BATON ROUGE, LA - National investors this morning pulled out of a large portion of a $114 million bond deal for Louisiana State University amid concerns over budget instability and state support for LSU and other Louisiana colleges and universities, State Treasurer John Kennedy announced Friday.

"We're trying to sort out the facts. This is obviously not a welcome development," said Treasurer Kennedy. "It could have ramifications for other universities in Louisiana and for the state's overall bond rating, and it could impact the interest rate on future state bond issues, including an upcoming $300 million state general obligation bond issue."

LSU on Tuesday issued $114 million in revenue and refunding bonds to generate money and to save taxpayer dollars. Proceeds from the bond sale would have funded a Family Housing Complex, residence halls and a Student Health Center and also would have saved interest on existing debt. The bonds were priced on Tuesday.

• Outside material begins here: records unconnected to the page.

lemma is_coupling_coupling_of:
  assumes q: "q \<in> consistent"
  shows "is_coupling Bs cmp P (coupling_of q)"
  unfolding coupling_of_def
proof (rule is_coupling_distr_flatten[OF prob_space_reweighted[OF q]])
  show sD: "sets (density indep (reweight q)) = sets indep" by simp
  fix b assume b: "b \<in> Bs"
  show "distr (density indep (reweight q)) (pm_space (cmp b)) (\<lambda>\<omega>. \<omega> b) = P b"
  proof (rule measure_eqI)
    fix E assume "E \<in> sets (distr (density indep (reweight q)) (pm_space (cmp b)) (\<lambda>\<omega>. \<omega> b))"
    hence E: "E \<in> sets (pm_space (cmp b))" "E \<in> sets (P b)" using sets_bunch[OF b] by auto
    have "(\<lambda>\<omega>. \<omega> b) -` E \<inter> space (density indep (reweight q)) = {\<omega>\<in>space indep. \<omega> b \<in> E}"
      by auto
    thus "emeasure (distr (density indep (reweight q)) (pm_space (cmp b)) (\<lambda>\<omega>. \<omega> b)) E = emeasure (P b) E"
      using emeasure_distr[OF measurable_indep_bunch[OF b sD] E(1)]
        emeasure_reweighted_bunch_event[OF q b E(2)] emeasure_bunch[OF b] by simp
  qed (use sets_bunch[OF b] in simp)
qed

lemma assign_dist_coupling_of:
  assumes q: "q \<in> consistent"
  shows "assign_dist (coupling_of q) = q"
proof
  fix v show "assign_dist (coupling_of q) v = q v"
  proof (cases "v \<in> V")
    case False thus ?thesis using q by (auto simp: assign_dist_def consistent_def PiE_iff extensional_def)
  next
    case v: True
    have fm: "flatten \<in> measurable (density indep (reweight q)) joint"
      using measurable_flatten by simp
    have "{\<omega>\<in>space (coupling_of q). restrict \<omega> K = v} = {\<omega>\<in>space joint. \<forall>k\<in>K. \<omega> k = v k}"
      using restrict_K_eq_iff[OF v] by (simp add: coupling_of_def)
    hence ev: "{\<omega>\<in>space (coupling_of q). restrict \<omega> K = v} \<in> sets joint"
      using pm_space_cylinder_sets[OF finite_K K_subset] by simp
    have "flatten -` {\<omega>\<in>space (coupling_of q). restrict \<omega> K = v} \<inter> space (density indep (reweight q))
        = assign_event v"
      using measurable_space[OF fm] by (auto simp: assign_event_def restrict_flatten coupling_of_def)
    hence "assign_dist (coupling_of q) v = measure (density indep (reweight q)) (assign_event v)"
      using measure_distr[OF fm ev] v by (simp add: assign_dist_def coupling_of_def)
    thus ?thesis
      using emeasure_reweighted_assign_event[OF q v] consistent_nonneg[OF q v] by (simp add: measure_def)
  qed
qed
(* Let $n$ be even, let $x_1,\dots,x_n\in\mathbb{R}^d$, let $\pi_k$ be a permutation of $[n]$ (vector $x_i$ is associated with datapoint $\pi_k(i)$), and let $S\subseteq[n]$ with $|S|=n/2$. Form $\pi_{k+1}$ by thinned reordering: starting from empty lists $\mathrm{front}$ and $\mathrm{back}$, for $i=1,\dots,n$ append $\pi_k(i)$ to $\mathrm{front}$ if $i\in S$ and otherwise prepend $\pi_k(i)$ to $\mathrm{back}$; set $\pi_{k+1}=\mathrm{concatenate}(\mathrm{front},\mathrm{back})$. Let $y_1,\dots,y_n$ be the vectors listed in the new order, i.e. $y_j=x_i$ where $\pi_k(i)=\pi_{k+1}(j)$. With $\eta_i:=2\cdot\mathbf{1}\{i\in S\}-1$, $$\max_{j\in[n]}\Big\|\sum_{l=1}^jy_l\Big\|_2\le\frac12\max_{j\in[n]}\Big\|\sum_{i=1}^jx_i\Big\|_2+\frac12\max_{j\in[n]}\Big\|\sum_{i=1}^j\eta_ix_i\Big\|_2+\Big\|\sum_{i=1}^nx_i\Big\|_2.$$
   Context: In the paper, $x_i=x_i^k$ are the stochastic gradients of epoch $k$ and $S$ is the set of indices kept by a thinning algorithm returning $n/2$ of the $n$ vectors. *)

theory Defs
  imports "HOL-Analysis.Analysis"
begin

definition thin_step :: "nat set \<Rightarrow> (nat \<Rightarrow> nat) \<Rightarrow> nat list \<times> nat list \<Rightarrow> nat \<Rightarrow> nat list \<times> nat list" where
  "thin_step S \<pi> fb i = (case fb of (front, back) \<Rightarrow>
     if i \<in> S then (front @ [\<pi> i], back) else (front, \<pi> i # back))"

text \<open>The new order pi_{k+1} as a list: run the loop for i = 1..n starting from
  empty lists, then concatenate front and back.  Position j (1-based) of the
  new permutation is entry j-1 of this list.\<close>
definition thinned_reorder :: "nat \<Rightarrow> nat set \<Rightarrow> (nat \<Rightarrow> nat) \<Rightarrow> nat list" where
  "thinned_reorder n S \<pi> =
     (case foldl (thin_step S \<pi>) ([], []) [1..<n+1] of (front, back) \<Rightarrow> front @ back)"

end

theory Submission
  imports Defs
begin

text \<open>The new order lists the kept positions in increasing order, followed by the discarded ones
  in decreasing order.  A prefix of it is therefore either the kept part of some prefix
  \<open>1, \<dots>, k\<close> of the old order, or everything except the discarded part of such a prefix.
  With \<open>P\<^sub>k\<close> and \<open>Q\<^sub>k\<close> the prefix sums of \<open>x\<^sub>i\<close> and of \<open>\<eta>\<^sub>i x\<^sub>i\<close>, the kept part sums to
  \<open>(P\<^sub>k + Q\<^sub>k) / 2\<close> and the discarded part to \<open>(P\<^sub>k - Q\<^sub>k) / 2\<close>, so the triangle inequality gives
  the bound.\<close>

definition thinned_order :: "nat \<Rightarrow> nat set \<Rightarrow> nat list" where
  "thinned_order n S = filter (\<lambda>i. i \<in> S) [1..<n+1] @ rev (filter (\<lambda>i. i \<notin> S) [1..<n+1])"

lemma length_thinned_order: "length (thinned_order n S) = n"
  using sum_length_filter_compl[of "\<lambda>i. i \<in> S" "[1..<n+1]"] by (simp add: thinned_order_def)

lemma set_thinned_order: "set (thinned_order n S) = {1..n}"
  by (auto simp: thinned_order_def)

lemma foldl_thin_step:
  "foldl (thin_step S \<pi>) (F, B) xs =
     (F @ map \<pi> (filter (\<lambda>i. i \<in> S) xs), rev (map \<pi> (filter (\<lambda>i. i \<notin> S) xs)) @ B)"
  by (induction xs arbitrary: F B) (auto simp: thin_step_def)

lemma thinned_reorder_eq_map_thinned_order:
  "thinned_reorder n S \<pi> = map \<pi> (thinned_order n S)"
  by (simp add: thinned_reorder_def thinned_order_def foldl_thin_step rev_map)

lemma take_filter_eq_filter_take:
  "\<exists>k \<le> length xs. take j (filter P xs) = filter P (take k xs)"
proof (induction xs arbitrary: j)
  case Nil
  then show ?case by simp
next
  case (Cons a xs)
  show ?case
  proof (cases "P a \<and> j = 0")
    case True
    then show ?thesis by (intro exI[of _ 0]) simp
  next
    case False
    obtain k where "k \<le> length xs" "take (if P a then j - 1 else j) (filter P xs) = filter P (take k xs)"
      using Cons.IH by blast
    with False show ?thesis by (intro exI[of _ "Suc k"]) (auto simp: take_Cons')
  qed
qed

lemma sum_list_filter_add_filter_not:
  "sum_list (map f (filter P xs)) + sum_list (map f (filter (\<lambda>i. \<not> P i) xs))
     = (sum_list (map f xs) :: 'b::ab_group_add)"
  by (induction xs) (simp_all add: algebra_simps)

lemma sum_list_take_filter_append_rev_filter:
  fixes f :: "'a \<Rightarrow> 'b::ab_group_add"
  obtains k where "k \<le> length xs"
      "sum_list (map f (take j (filter P xs @ rev (filter (\<lambda>i. \<not> P i) xs))))
         = sum_list (map f (filter P (take k xs)))"
  | k where "k \<le> length xs"
      "sum_list (map f (take j (filter P xs @ rev (filter (\<lambda>i. \<not> P i) xs))))
         = sum_list (map f xs) - sum_list (map f (filter (\<lambda>i. \<not> P i) (take k xs)))"
proof -
  define F where "F = filter P xs"
  define G where "G = filter (\<lambda>i. \<not> P i) xs"
  define \<Sigma> where "\<Sigma> = (\<lambda>ys. sum_list (map f ys))"
  show thesis
  proof (cases "j \<le> length F")
    case True
    obtain k where k: "k \<le> length xs" "take j F = filter P (take k xs)"
      unfolding F_def using take_filter_eq_filter_take by blast
    with True have "take j (F @ rev G) = filter P (take k xs)" by simp
    then show thesis using that(1)[OF k(1)] unfolding F_def G_def by metis
  next
    case False
    define t where "t = length G - (j - length F)"
    obtain k where k: "k \<le> length xs" "take t G = filter (\<lambda>i. \<not> P i) (take k xs)"
      unfolding G_def using take_filter_eq_filter_take by blast
    have "take j (F @ rev G) = F @ rev (drop t G)"
      using False by (simp add: take_rev t_def)
    then have "\<Sigma> (take j (F @ rev G)) = \<Sigma> F + \<Sigma> (drop t G)"
      unfolding \<Sigma>_def by (simp add: sum_list_rev rev_map[symmetric])
    also have "\<Sigma> (drop t G) = \<Sigma> G - \<Sigma> (take t G)"
      unfolding \<Sigma>_def by (metis append_take_drop_id map_append sum_list_append add_diff_cancel_left')
    also have "\<Sigma> F + (\<Sigma> G - \<Sigma> (take t G)) = \<Sigma> xs - \<Sigma> (take t G)"
      using sum_list_filter_add_filter_not[of f P xs] unfolding \<Sigma>_def F_def G_def
      by (simp add: add_diff_eq)
    finally show thesis
      using that(2)[OF k(1)] k(2) unfolding \<Sigma>_def F_def G_def by metis
  qed
qed

lemma sum_list_filter_upt_conv_sum:
  "sum_list (map f (filter P [1..<k+1])) = (\<Sum>i=1..k. if P i then f i else 0)"
  unfolding sum_list_map_filter' interv_sum_list_conv_sum_set_nat set_upt
  by (simp add: atLeastLessThanSuc_atLeastAtMost)

lemma sum_kept_eq_half_sum_add_signed_sum:
  fixes x :: "nat \<Rightarrow> 'a::real_vector"
  shows "(\<Sum>i\<in>A. if i \<in> S then x i else 0)
    = (1/2) *\<^sub>R (sum x A + (\<Sum>i\<in>A. (2 * (if i \<in> S then 1 else 0) - 1) *\<^sub>R x i))"
proof -
  have "(\<Sum>i\<in>A. if i \<in> S then x i else 0)
      = (\<Sum>i\<in>A. (1/2) *\<^sub>R (x i + (2 * (if i \<in> S then 1 else 0) - 1) *\<^sub>R x i))"
    by (intro sum.cong refl) (simp flip: scaleR_2)
  then show ?thesis by (simp only: sum.distrib[symmetric] scaleR_sum_right)
qed

lemma sum_discarded_eq_half_sum_diff_signed_sum:
  fixes x :: "nat \<Rightarrow> 'a::real_vector"
  shows "(\<Sum>i\<in>A. if i \<notin> S then x i else 0)
    = (1/2) *\<^sub>R (sum x A - (\<Sum>i\<in>A. (2 * (if i \<in> S then 1 else 0) - 1) *\<^sub>R x i))"
proof -
  have "(\<Sum>i\<in>A. if i \<notin> S then x i else 0)
      = (\<Sum>i\<in>A. (1/2) *\<^sub>R (x i - (2 * (if i \<in> S then 1 else 0) - 1) *\<^sub>R x i))"
    by (intro sum.cong refl) (simp flip: scaleR_2)
  then show ?thesis by (simp only: sum_subtractf[symmetric] scaleR_sum_right)
qed

lemma norm_sum_atLeastAtMost_le_Max:
  fixes f :: "nat \<Rightarrow> 'a::real_normed_vector"
  assumes "k \<le> n" and "0 < n"
  shows "norm (\<Sum>i=1..k. f i) \<le> Max ((\<lambda>j. norm (\<Sum>i=1..j. f i)) ` {1..n})"
proof (cases "k = 0")
  case True
  have "norm (\<Sum>i=1..1. f i) \<le> Max ((\<lambda>j. norm (\<Sum>i=1..j. f i)) ` {1..n})"
    using assms(2) by (intro Max_ge finite_imageI image_eqI[where x=1]) simp_all
  with True show ?thesis by (simp add: order_trans[OF norm_ge_zero])
next
  case False
  with assms show ?thesis by (intro Max_ge finite_imageI imageI) simp_all
qed

lemma sum_take_thinned_order_cases:
  fixes x :: "nat \<Rightarrow> 'a::real_vector" and S :: "nat set"
  defines "P k \<equiv> \<Sum>i=1..k. x i"
    and "Q k \<equiv> \<Sum>i=1..k. (2 * (if i \<in> S then 1 else 0) - 1) *\<^sub>R x i"
  obtains k where "k \<le> n" "sum_list (map x (take j (thinned_order n S))) = (1/2) *\<^sub>R (P k + Q k)"
  | k where "k \<le> n" "sum_list (map x (take j (thinned_order n S))) = P n - (1/2) *\<^sub>R (P k - Q k)"
proof -
  let ?\<Sigma> = "sum_list (map x (take j (thinned_order n S)))"
  have take_one_upt: "take k [1..<n+1] = [1..<k+1]" if "k \<le> length [1..<n+1]" for k
    using that by (simp add: take_upt del: upt_Suc)
  show thesis
  proof (cases rule: sum_list_take_filter_append_rev_filter
      [where xs = "[1..<n+1]" and f = x and P = "\<lambda>i. i \<in> S" and j = j])
    case (1 k)
    from 1 have "?\<Sigma> = sum_list (map x (filter (\<lambda>i. i \<in> S) [1..<k+1]))"
      by (simp only: thinned_order_def take_one_upt)
    also have "\<dots> = (1/2) *\<^sub>R (P k + Q k)"
      unfolding sum_list_filter_upt_conv_sum P_def Q_def
      by (rule sum_kept_eq_half_sum_add_signed_sum)
    finally have "?\<Sigma> = (1/2) *\<^sub>R (P k + Q k)" .
    moreover have "k \<le> n" using 1(1) by (simp only: length_upt diff_add_inverse2)
    ultimately show thesis using that(1) by blast
  next
    case (2 k)
    from 2 have "?\<Sigma> = sum_list (map x [1..<n+1])
        - sum_list (map x (filter (\<lambda>i. i \<notin> S) [1..<k+1]))"
      by (simp only: thinned_order_def take_one_upt)
    also have "\<dots> = P n - (1/2) *\<^sub>R (P k - Q k)"
      unfolding sum_list_filter_upt_conv_sum P_def Q_def sum_discarded_eq_half_sum_diff_signed_sum
      by (simp add: interv_sum_list_conv_sum_set_nat atLeastLessThanSuc_atLeastAtMost del: upt_Suc)
    finally have "?\<Sigma> = P n - (1/2) *\<^sub>R (P k - Q k)" .
    moreover have "k \<le> n" using 2(1) by (simp only: length_upt diff_add_inverse2)
    ultimately show thesis using that(2) by blast
  qed
qed

lemma norm_sum_take_thinned_order_le:
  fixes x :: "nat \<Rightarrow> 'a::real_normed_vector"
  assumes "0 < n"
  shows "norm (sum_list (map x (take j (thinned_order n S))))
    \<le> 1/2 * Max ((\<lambda>j. norm (\<Sum>i=1..j. x i)) ` {1..n})
      + 1/2 * Max ((\<lambda>j. norm (\<Sum>i=1..j. (2 * (if i \<in> S then 1 else 0) - 1) *\<^sub>R x i)) ` {1..n})
      + norm (\<Sum>i=1..n. x i)"
    (is "norm ?\<Sigma> \<le> 1/2 * ?A + 1/2 * ?B + norm (?P n)")
proof -
  let ?Q = "\<lambda>k. \<Sum>i=1..k. (2 * (if i \<in> S then 1 else 0) - 1) *\<^sub>R x i"
  have bound: "norm (?P k) \<le> ?A" "norm (?Q k) \<le> ?B" if "k \<le> n" for k
    using that assms by (simp_all only: norm_sum_atLeastAtMost_le_Max)
  have half_le: "norm ((1/2) *\<^sub>R (?P k + ?Q k)) \<le> 1/2 * ?A + 1/2 * ?B"
      "norm ((1/2) *\<^sub>R (?P k - ?Q k)) \<le> 1/2 * ?A + 1/2 * ?B" if "k \<le> n" for k
  proof -
    have "norm (?P k + ?Q k) \<le> ?A + ?B"
      using norm_triangle_ineq[of "?P k" "?Q k"] bound[OF that] by linarith
    moreover have "norm (?P k - ?Q k) \<le> ?A + ?B"
      using norm_triangle_ineq4[of "?P k" "?Q k"] bound[OF that] by linarith
    ultimately show "norm ((1/2) *\<^sub>R (?P k + ?Q k)) \<le> 1/2 * ?A + 1/2 * ?B"
      "norm ((1/2) *\<^sub>R (?P k - ?Q k)) \<le> 1/2 * ?A + 1/2 * ?B" by simp_all
  qed
  show ?thesis
  proof (cases rule: sum_take_thinned_order_cases[where x = x and n = n and S = S and j = j])
    case (1 k)
    then have "norm ?\<Sigma> \<le> 1/2 * ?A + 1/2 * ?B" using half_le(1)[of k] by (simp only:)
    then show ?thesis using norm_ge_zero[of "?P n"] by linarith
  next
    case (2 k)
    then have "norm ?\<Sigma> \<le> norm (?P n) + norm ((1/2) *\<^sub>R (?P k - ?Q k))"
      by (simp only: norm_triangle_ineq4)
    then show ?thesis using half_le(2)[OF 2(1)] by linarith
  qed
qed

lemma sum_nth_atLeastAtMost_conv_sum_list_take:
  "j \<le> length xs \<Longrightarrow> (\<Sum>l=1..j. f (xs ! (l - 1))) = sum_list (map f (take j xs))"
  by (induction j) (simp_all add: take_Suc_conv_app_nth)

lemma sum_thinned_reorder_conv_sum_list_take:
  assumes "bij_betw \<pi> {1..n} {1..n}" and "j \<le> n"
  shows "(\<Sum>l=1..j. x (inv_into {1..n} \<pi> (thinned_reorder n S \<pi> ! (l - 1))))
    = sum_list (map x (take j (thinned_order n S)))"
proof -
  let ?M = "thinned_order n S"
  have "inv_into {1..n} \<pi> (thinned_reorder n S \<pi> ! (l - 1)) = ?M ! (l - 1)" if "l \<in> {1..j}" for l
  proof -
    have "l - 1 < length ?M" using that assms(2) by (auto simp: length_thinned_order)
    then have "?M ! (l - 1) \<in> {1..n}" using nth_mem set_thinned_order by blast
    with \<open>l - 1 < length ?M\<close> show ?thesis
      using bij_betw_inv_into_left[OF assms(1)] by (simp add: thinned_reorder_eq_map_thinned_order)
  qed
  then have "(\<Sum>l=1..j. x (inv_into {1..n} \<pi> (thinned_reorder n S \<pi> ! (l - 1))))
      = (\<Sum>l=1..j. x (?M ! (l - 1)))"
    by (intro sum.cong refl) simp
  also have "\<dots> = sum_list (map x (take j ?M))"
    using assms(2) by (intro sum_nth_atLeastAtMost_conv_sum_list_take) (simp add: length_thinned_order)
  finally show ?thesis .
qed

theorem lemmaG1:
  fixes n :: nat and x :: "nat \<Rightarrow> real ^ 'd" and pik :: "nat \<Rightarrow> nat" and S :: "nat set"
  assumes "even n" and "0 < n"
    and "bij_betw pik {1..n} {1..n}"
    and "S \<subseteq> {1..n}" and "card S = n div 2"
  defines "y \<equiv> (\<lambda>j. x (inv_into {1..n} pik (thinned_reorder n S pik ! (j - 1))))"
    and "eta \<equiv> (\<lambda>i. 2 * (if i \<in> S then 1 else 0) - (1::real))"
  shows "Max ((\<lambda>j. norm (\<Sum>l=1..j. y l)) ` {1..n})
         \<le> 1/2 * Max ((\<lambda>j. norm (\<Sum>i=1..j. x i)) ` {1..n})
           + 1/2 * Max ((\<lambda>j. norm (\<Sum>i=1..j. eta i *\<^sub>R x i)) ` {1..n})
           + norm (\<Sum>i=1..n. x i)"
proof -
  have "norm (\<Sum>l=1..j. y l)
      \<le> 1/2 * Max ((\<lambda>j. norm (\<Sum>i=1..j. x i)) ` {1..n})
        + 1/2 * Max ((\<lambda>j. norm (\<Sum>i=1..j. eta i *\<^sub>R x i)) ` {1..n})
        + norm (\<Sum>i=1..n. x i)" if "j \<in> {1..n}" for j
    using that unfolding y_def eta_def
    by (simp only: sum_thinned_reorder_conv_sum_list_take[OF assms(3)] atLeastAtMost_iff
        norm_sum_take_thinned_order_le[OF assms(2)])
  then show ?thesis using assms(2) by (intro Max.boundedI) auto
qed

end
(* Let $n\ge 3$ and consider the cycle graph on nodes $1,\dots,n$ with measurements $\widetilde{R}_{12},\dots,\widetilde{R}_{n-1,n},\widetilde{R}_{n1}\in\mathrm{SO}(3)$ that all lie in a common one-parameter subgroup of $\mathrm{SO}(3)$ (all are rotations about a common axis). Then the point $R^\ast=(R_1^\ast,\dots,R_n^\ast)$ with $R_1^\ast=I_3$ and $$R_i^\ast=\Big(\prod_{s=1}^{i-1}\widetilde{R}_{s,s+1}\Big)^{\top}E_0^{\,i-1},\qquad i\in\{2,\dots,n\},$$ (product from left to right) is a global minimizer of $f$ over $\mathrm{SO}(3)^n$.
   Context: Cycle-graph rotation averaging setup. Let $n\ge 3$. The cycle graph has nodes $1,\dots,n$ and edges $\{i,i+1\}$ for $i=1,\dots,n-1$ together with $\{n,1\}$; write $i\sim j$ if $\{i,j\}$ is an edge. Each edge carries a measured rotation $\widetilde{R}_{ij}\in\mathrm{SO}(3)$, with the convention $\widetilde{R}_{ji}=\widetilde{R}_{ij}^\top$. Define the symmetric $3n\times 3n$ block matrix $\widetilde{R}$ whose $(i,j)$ $3\times3$ block is $I_3$ if $i=j$, $\widetilde{R}_{ij}$ if $i\sim j$, and $0$ otherwise. For $R=(R_1,\dots,R_n)\in\mathrm{SO}(3)^n$, write $R=[R_1^\top\ \cdots\ R_n^\top]^\top\in\mathbb{R}^{3n\times 3}$ and define $f(R):=-\operatorname{Tr}(R^\top\widetilde{R}R)$; the rotation averaging problem is to minimize $f$ over $\mathrm{SO}(3)^n$. The cycle error is $E:=\widetilde{R}_{12}\widetilde{R}_{23}\cdots\widetilde{R}_{n-1,n}\widetilde{R}_{n1}\in\mathrm{SO}(3)$. Write $E=\exp(\gamma[\hat n]_\times)$ with unit axis $\hat n$ and angle $\gamma=\angle(E)\in[-\pi,\pi]$. For $k\in\{0,\dots,n-1\}$, $E_k:=\exp\big((\gamma/n-2k\pi/n)[\hat n]_\times\big)$; in particular $E_0=\exp((\gamma/n)[\hat n]_\times)$. *)

theory Defs
  imports "HOL-Analysis.Analysis"
begin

Earlier this week, Moody's Investors Services lowered LSU's credit outlook from positive to stable because of limited prospects for sustained revenue growth. Moody's action puts LSU one step away from a negative outlook, which could result in a downgrade for the university's credit rating.

"Higher education in Louisiana has been socked with back-to-back years of reduced funding," said Treasurer Kennedy. "Investors are sounding the alarm bell. We need to listen."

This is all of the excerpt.